[TRY IT]
Begin with the line where "by (simp add: tuple_perm_apply" appears. Set down that line and the rest of the records below it exactly as given.

-- DATA RECORDS follows --

section \<open>Tuples of literals\<close>

definition tuples :: "nat \<Rightarrow> nat \<Rightarrow> (nat \<Rightarrow> nat \<times> real) set" where
  "tuples n m = PiE {1..m} (\<lambda>_. literals n)"

definition distinct_tuples :: "nat \<Rightarrow> nat \<Rightarrow> (nat \<Rightarrow> nat \<times> real) set" where
  "distinct_tuples n m = {f \<in> tuples n m. inj_on (\<lambda>k. fst (f k)) {1..m}}"

lemma finite_tuples [simp]: "finite (tuples n m)"
  by (simp add: tuples_def finite_PiE)

lemma card_tuples: "card (tuples n m) = (2 * n) ^ m"
  by (simp add: tuples_def card_PiE card_literals)

lemma tuples_literal: "f \<in> tuples n m \<Longrightarrow> k \<in> {1..m} \<Longrightarrow> f k \<in> literals n"
  unfolding tuples_def by blast

lemma distinct_tuples_subset: "distinct_tuples n m \<subseteq> tuples n m"
  by (auto simp: distinct_tuples_def)

lemma finite_distinct_tuples [simp]: "finite (distinct_tuples n m)"
  using distinct_tuples_subset finite_tuples by (rule finite_subset)

lemma distinct_tuples_literal: "f \<in> distinct_tuples n m \<Longrightarrow> k \<in> {1..m} \<Longrightarrow> f k \<in> literals n"
  using distinct_tuples_subset tuples_literal by blast

lemma distinct_tuples_undefined: "f \<in> distinct_tuples n m \<Longrightarrow> k \<notin> {1..m} \<Longrightarrow> f k = undefined"
  unfolding distinct_tuples_def tuples_def by blast

lemma distinct_tuples_index_neq:
  "f \<in> distinct_tuples n m \<Longrightarrow> k \<in> {1..m} \<Longrightarrow> l \<in> {1..m} \<Longrightarrow> k \<noteq> l \<Longrightarrow> fst (f k) \<noteq> fst (f l)"
  unfolding distinct_tuples_def inj_on_def by blast

lemma distinct_tuples_nonempty: "m \<le> n \<Longrightarrow> distinct_tuples n m \<noteq> {}"
proof -
  assume "m \<le> n"
  then have "restrict (\<lambda>k. (k, 1)) {1..m} \<in> distinct_tuples n m"
    unfolding distinct_tuples_def tuples_def literals_def by (auto simp: inj_on_def)
  then show ?thesis
    by blast
qed

lemma card_tuples_with_equal_indices:
  assumes "k \<in> {1..m}" "l \<in> {1..m}" "k \<noteq> l"
  shows "card {f \<in> tuples n m. fst (f k) = fst (f l)} = 2 * (2 * n) ^ (m - 1)"
proof -
  define R where "R = PiE ({1..m} - {l}) (\<lambda>_. literals n)"
  have tuples: "tuples n m = PiE (insert l ({1..m} - {l})) (\<lambda>_. literals n)"
    unfolding tuples_def using assms(2) by (simp add: insert_absorb)
  have "card {f \<in> tuples n m. fst (f k) = fst (f l)} = (\<Sum>f\<in>tuples n m. of_bool (fst (f k) = fst (f l)))"
    by (simp add: Int_def)
  also have "\<dots> = (\<Sum>a\<in>literals n. \<Sum>f\<in>R. of_bool (fst (f k) = fst a))"
    unfolding tuples R_def using assms(3) by (subst sum_PiE_insert) simp_all
  also have "\<dots> = (\<Sum>f\<in>R. card {a \<in> literals n. fst a = fst (f k)})"
    by (subst sum.swap) (simp add: Int_def eq_commute)
  also have "\<dots> = (\<Sum>f\<in>R. 2)"
  proof (rule sum.cong[OF refl])
    fix f assume "f \<in> R"
    then have "f k \<in> literals n"
      using PiE_mem[of f "{1..m} - {l}" "\<lambda>_. literals n" k] assms unfolding R_def by simp
    then show "card {a \<in> literals n. fst a = fst (f k)} = 2"
      by (rule card_literals_with_index[OF literals_index])
  qed
  also have "\<dots> = 2 * (2 * n) ^ (m - 1)"
    using assms(2) by (simp add: R_def card_PiE card_literals)
  finally show ?thesis .
qed

lemma card_non_distinct_tuples_le:
  "card (tuples n m - distinct_tuples n m) \<le> m ^ 2 * (2 * (2 * n) ^ (m - 1))"
proof -
  define P where "P = {(k, l) \<in> {1..m} \<times> {1..m}. k \<noteq> l}"
  have finite_P: "finite P"
    unfolding P_def by (rule finite_subset[of _ "{1..m} \<times> {1..m}"]) auto
  have "tuples n m - distinct_tuples n m \<subseteq> (\<Union>(k, l)\<in>P. {f \<in> tuples n m. fst (f k) = fst (f l)})"
  proof
    fix f assume "f \<in> tuples n m - distinct_tuples n m"
    then obtain k l where "k \<in> {1..m}" "l \<in> {1..m}" "k \<noteq> l" "fst (f k) = fst (f l)" "f \<in> tuples n m"
      unfolding distinct_tuples_def inj_on_def by blast
    then show "f \<in> (\<Union>(k, l)\<in>P. {f \<in> tuples n m. fst (f k) = fst (f l)})"
      unfolding P_def by blast
  qed
  moreover have "finite (\<Union>(k, l)\<in>P. {f \<in> tuples n m. fst (f k) = fst (f l)})"
    by (rule finite_subset[OF _ finite_tuples[of n m]]) auto
  ultimately have "card (tuples n m - distinct_tuples n m) \<le> card (\<Union>(k, l)\<in>P. {f \<in> tuples n m. fst (f k) = fst (f l)})"
    by (intro card_mono)
  also have "\<dots> \<le> (\<Sum>(k, l)\<in>P. card {f \<in> tuples n m. fst (f k) = fst (f l)})"
    using card_UN_le[OF finite_P, of "\<lambda>(k, l). {f \<in> tuples n m. fst (f k) = fst (f l)}"]
    by (simp add: case_prod_unfold)
  also have "\<dots> = card P * (2 * (2 * n) ^ (m - 1))"
    by (simp add: P_def card_tuples_with_equal_indices case_prod_unfold)
  also have "card P \<le> m ^ 2"
  proof -
    have "card P \<le> card ({1..m} \<times> {1..m})"
      by (rule card_mono) (auto simp: P_def)
    then show ?thesis
      by (simp add: card_cartesian_product power2_eq_square)
  qed
  finally show ?thesis
    by simp
qed

lemma average_distinct_tuples_ge:
  fixes F :: "(nat \<Rightarrow> nat \<times> real) \<Rightarrow> real"
  assumes "1 \<le> m" "m \<le> n" "\<And>f. f \<in> tuples n m \<Longrightarrow> \<bar>F f\<bar> \<le> B"
  shows "(\<Sum>f\<in>tuples n m. F f) / card (tuples n m) - 2 * B * m ^ 2 / n
    \<le> (\<Sum>f\<in>distinct_tuples n m. F f) / card (distinct_tuples n m)"
proof -
  define N where "N = 2 * real n"
  have N: "N > 0"
    using assms(1,2) by (simp add: N_def)
  obtain f where "f \<in> distinct_tuples n m"
    using distinct_tuples_nonempty[OF assms(2)] by blast
  then have "B \<ge> 0"
    using assms(3)[of f] distinct_tuples_subset by (meson abs_ge_zero order_trans subsetD)
  have "real (card (tuples n m - distinct_tuples n m)) \<le> real (m ^ 2 * (2 * (2 * n) ^ (m - 1)))"
    by (simp only: of_nat_le_iff card_non_distinct_tuples_le)
  then have "real (card (tuples n m - distinct_tuples n m)) / card (tuples n m) \<le> m ^ 2 * (2 * N ^ (m - 1)) / N ^ m"
    using N by (simp add: card_tuples N_def divide_right_mono)
  also have "\<dots> = m ^ 2 / n"
    using N power_minus_mult[OF assms(1)[unfolded One_nat_def Suc_le_eq], of N]
    by (auto simp: N_def field_simps)
  finally have "2 * B * (card (tuples n m - distinct_tuples n m) / card (tuples n m)) \<le> 2 * B * (m ^ 2 / n)"
    using \<open>B \<ge> 0\<close> by (intro mult_left_mono) auto
  then have "2 * B * card (tuples n m - distinct_tuples n m) / card (tuples n m) \<le> 2 * B * m ^ 2 / n"
    by (simp only: times_divide_eq_right)
  moreover have "(\<Sum>f\<in>tuples n m. F f) / card (tuples n m)
      - 2 * B * card (tuples n m - distinct_tuples n m) / card (tuples n m)
    \<le> (\<Sum>f\<in>distinct_tuples n m. F f) / card (distinct_tuples n m)"
    by (rule average_subset_ge[where F = F and B = B,
          OF finite_tuples distinct_tuples_subset distinct_tuples_nonempty[OF assms(2)] assms(3)])
  ultimately show ?thesis
    by linarith
qed

section \<open>Signed permutations\<close>

definition signed_perm :: "nat \<Rightarrow> (nat \<Rightarrow> nat) \<Rightarrow> (nat \<Rightarrow> real) \<Rightarrow> bool" where
  "signed_perm n p e \<longleftrightarrow> bij_betw p {1..n} {1..n} \<and> (\<forall>i. e i \<in> {-1, 1})"

definition lit_perm :: "(nat \<Rightarrow> nat) \<Rightarrow> (nat \<Rightarrow> real) \<Rightarrow> nat \<times> real \<Rightarrow> nat \<times> real" where
  "lit_perm p e a = (p (fst a), e (fst a) * snd a)"

definition tuple_perm ::
    "(nat \<Rightarrow> nat) \<Rightarrow> (nat \<Rightarrow> real) \<Rightarrow> nat \<Rightarrow> (nat \<Rightarrow> nat \<times> real) \<Rightarrow> nat \<Rightarrow> nat \<times> real" where
  "tuple_perm p e m f = restrict (\<lambda>k. lit_perm p e (f k)) {1..m}"

text \<open>The action on \<open>\<real>\<^sup>n\<close> of the signed permutation sending \<open>e\<^sub>i\<close> to \<open>e i \<cdot> e\<^bsub>p i\<^esub>\<close>.\<close>
definition vec_perm :: "nat \<Rightarrow> (nat \<Rightarrow> nat) \<Rightarrow> (nat \<Rightarrow> real) \<Rightarrow> (nat \<Rightarrow> real) \<Rightarrow> nat \<Rightarrow> real" where
  "vec_perm n p e v = (\<lambda>t. if t \<in> {1..n} then e (inv_into {1..n} p t) * v (inv_into {1..n} p t) else 0)"

lemma lit_perm_lit_neg: "lit_perm p e (lit_neg a) = lit_neg (lit_perm p e a)"
  by (simp add: lit_perm_def lit_neg_def)

lemma lit_perm_in_literals: "signed_perm n p e \<Longrightarrow> a \<in> literals n \<Longrightarrow> lit_perm p e a \<in> literals n"
  unfolding signed_perm_def lit_perm_def literals_def bij_betw_def by auto

lemma tuple_perm_apply: "k \<in> {1..m} \<Longrightarrow> tuple_perm p e m f k = lit_perm p e (f k)"
  by (simp add: tuple_perm_def)

lemma tuple_perm_outside: "k \<notin> {1..m} \<Longrightarrow> tuple_perm p e m f k = undefined"
  unfolding tuple_perm_def restrict_def by (simp only: if_not_P if_False)

lemma vec_perm_lit_vec:
  assumes p: "bij_betw p {1..n} {1..n}" and abc: "a \<in> literals n" "b \<in> literals n" "c \<in> literals n"
  shows "vec_perm n p e (lit_vec a b c) = lit_vec (lit_perm p e a) (lit_perm p e b) (lit_perm p e c)"
proof
  fix t
  have inj: "inj_on p {1..n}" and im: "p ` {1..n} = {1..n}"
    using p by (auto simp: bij_betw_def)
  have idx: "fst a \<in> {1..n}" "fst b \<in> {1..n}" "fst c \<in> {1..n}"
    using abc literals_index by blast+
  show "vec_perm n p e (lit_vec a b c) t = lit_vec (lit_perm p e a) (lit_perm p e b) (lit_perm p e c) t"
  proof (cases "t \<in> {1..n}")
    case True
    define u where "u = inv_into {1..n} p t"
    have "t \<in> p ` {1..n}"
      using True im by simp
    then have u: "u \<in> {1..n}" "p u = t"
      unfolding u_def by (rule inv_into_into, rule f_inv_into_f)
    have ind_p: "ind (p i) t = ind i u" if "i \<in> {1..n}" for i
      using u inj that unfolding ind_def inj_on_def by metis
    have ind_e: "e u * ind i u = e i * ind i u" for i
      unfolding ind_def by simp
    have "vec_perm n p e (lit_vec a b c) t
        = (snd a * (e u * ind (fst a) u) + snd b * (e u * ind (fst b) u) + snd c * (e u * ind (fst c) u)) / sqrt 3"
      using True unfolding vec_perm_def lit_vec_def vec3_def u_def by (simp add: algebra_simps)
    also have "\<dots> = (snd a * (e (fst a) * ind (p (fst a)) t) + snd b * (e (fst b) * ind (p (fst b)) t)
        + snd c * (e (fst c) * ind (p (fst c)) t)) / sqrt 3"
      by (simp only: ind_e ind_p idx)
    finally show ?thesis
      unfolding lit_vec_def vec3_def lit_perm_def by (simp add: algebra_simps)
  next
    case False
    then have "t \<noteq> p (fst a)" "t \<noteq> p (fst b)" "t \<noteq> p (fst c)"
      using idx im by auto
    then have "lit_vec (lit_perm p e a) (lit_perm p e b) (lit_perm p e c) t = 0"
      unfolding lit_vec_def vec3_def lit_perm_def ind_def by simp
    with False show ?thesis
      unfolding vec_perm_def by (simp only: if_not_P[OF False] if_False)
  qed
qed

lemma tuple_perm_distinct_tuples:
  assumes "signed_perm n p e" "f \<in> distinct_tuples n m"
  shows "tuple_perm p e m f \<in> distinct_tuples n m"
proof -
  have inj: "inj_on p {1..n}"
    using assms(1) by (auto simp: signed_perm_def bij_betw_def)
  have f: "\<And>k. k \<in> {1..m} \<Longrightarrow> f k \<in> literals n"
    using assms(2) by (rule distinct_tuples_literal)
  have "tuple_perm p e m f \<in> tuples n m"
    by (simp add: tuples_def tuple_perm_def lit_perm_in_literals[OF assms(1)] f)
  moreover have "inj_on (\<lambda>k. fst (tuple_perm p e m f k)) {1..m}"
  proof (rule inj_onI)
    fix k l assume kl: "k \<in> {1..m}" "l \<in> {1..m}" "fst (tuple_perm p e m f k) = fst (tuple_perm p e m f l)"
    then have "p (fst (f k)) = p (fst (f l))"
      by (simp add: tuple_perm_apply lit_perm_def)
    then have "fst (f k) = fst (f l)"
      using inj_onD[OF inj] literals_index[OF f[OF kl(1)]] literals_index[OF f[OF kl(2)]] by blast
    then show "k = l"
      using distinct_tuples_index_neq[OF assms(2) kl(1,2)] by blast
  qed
  ultimately show ?thesis
    by (simp add: distinct_tuples_def)
qed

-- DATA RECORDS concluded --

[ANSWER AREA]
      by (simp add: tuple_perm_apply lit_perm_def)
    then have "fst (f k) = fst (f l)"
      using inj_onD[OF inj] literals_index[OF f[OF kl(1)]] literals_index[OF f[OF kl(2)]] by blast
    then show "k = l"
      using distinct_tuples_index_neq[OF assms(2) kl(1,2)] by blast
  qed
  ultimately show ?thesis
    by (simp add: distinct_tuples_def)
qed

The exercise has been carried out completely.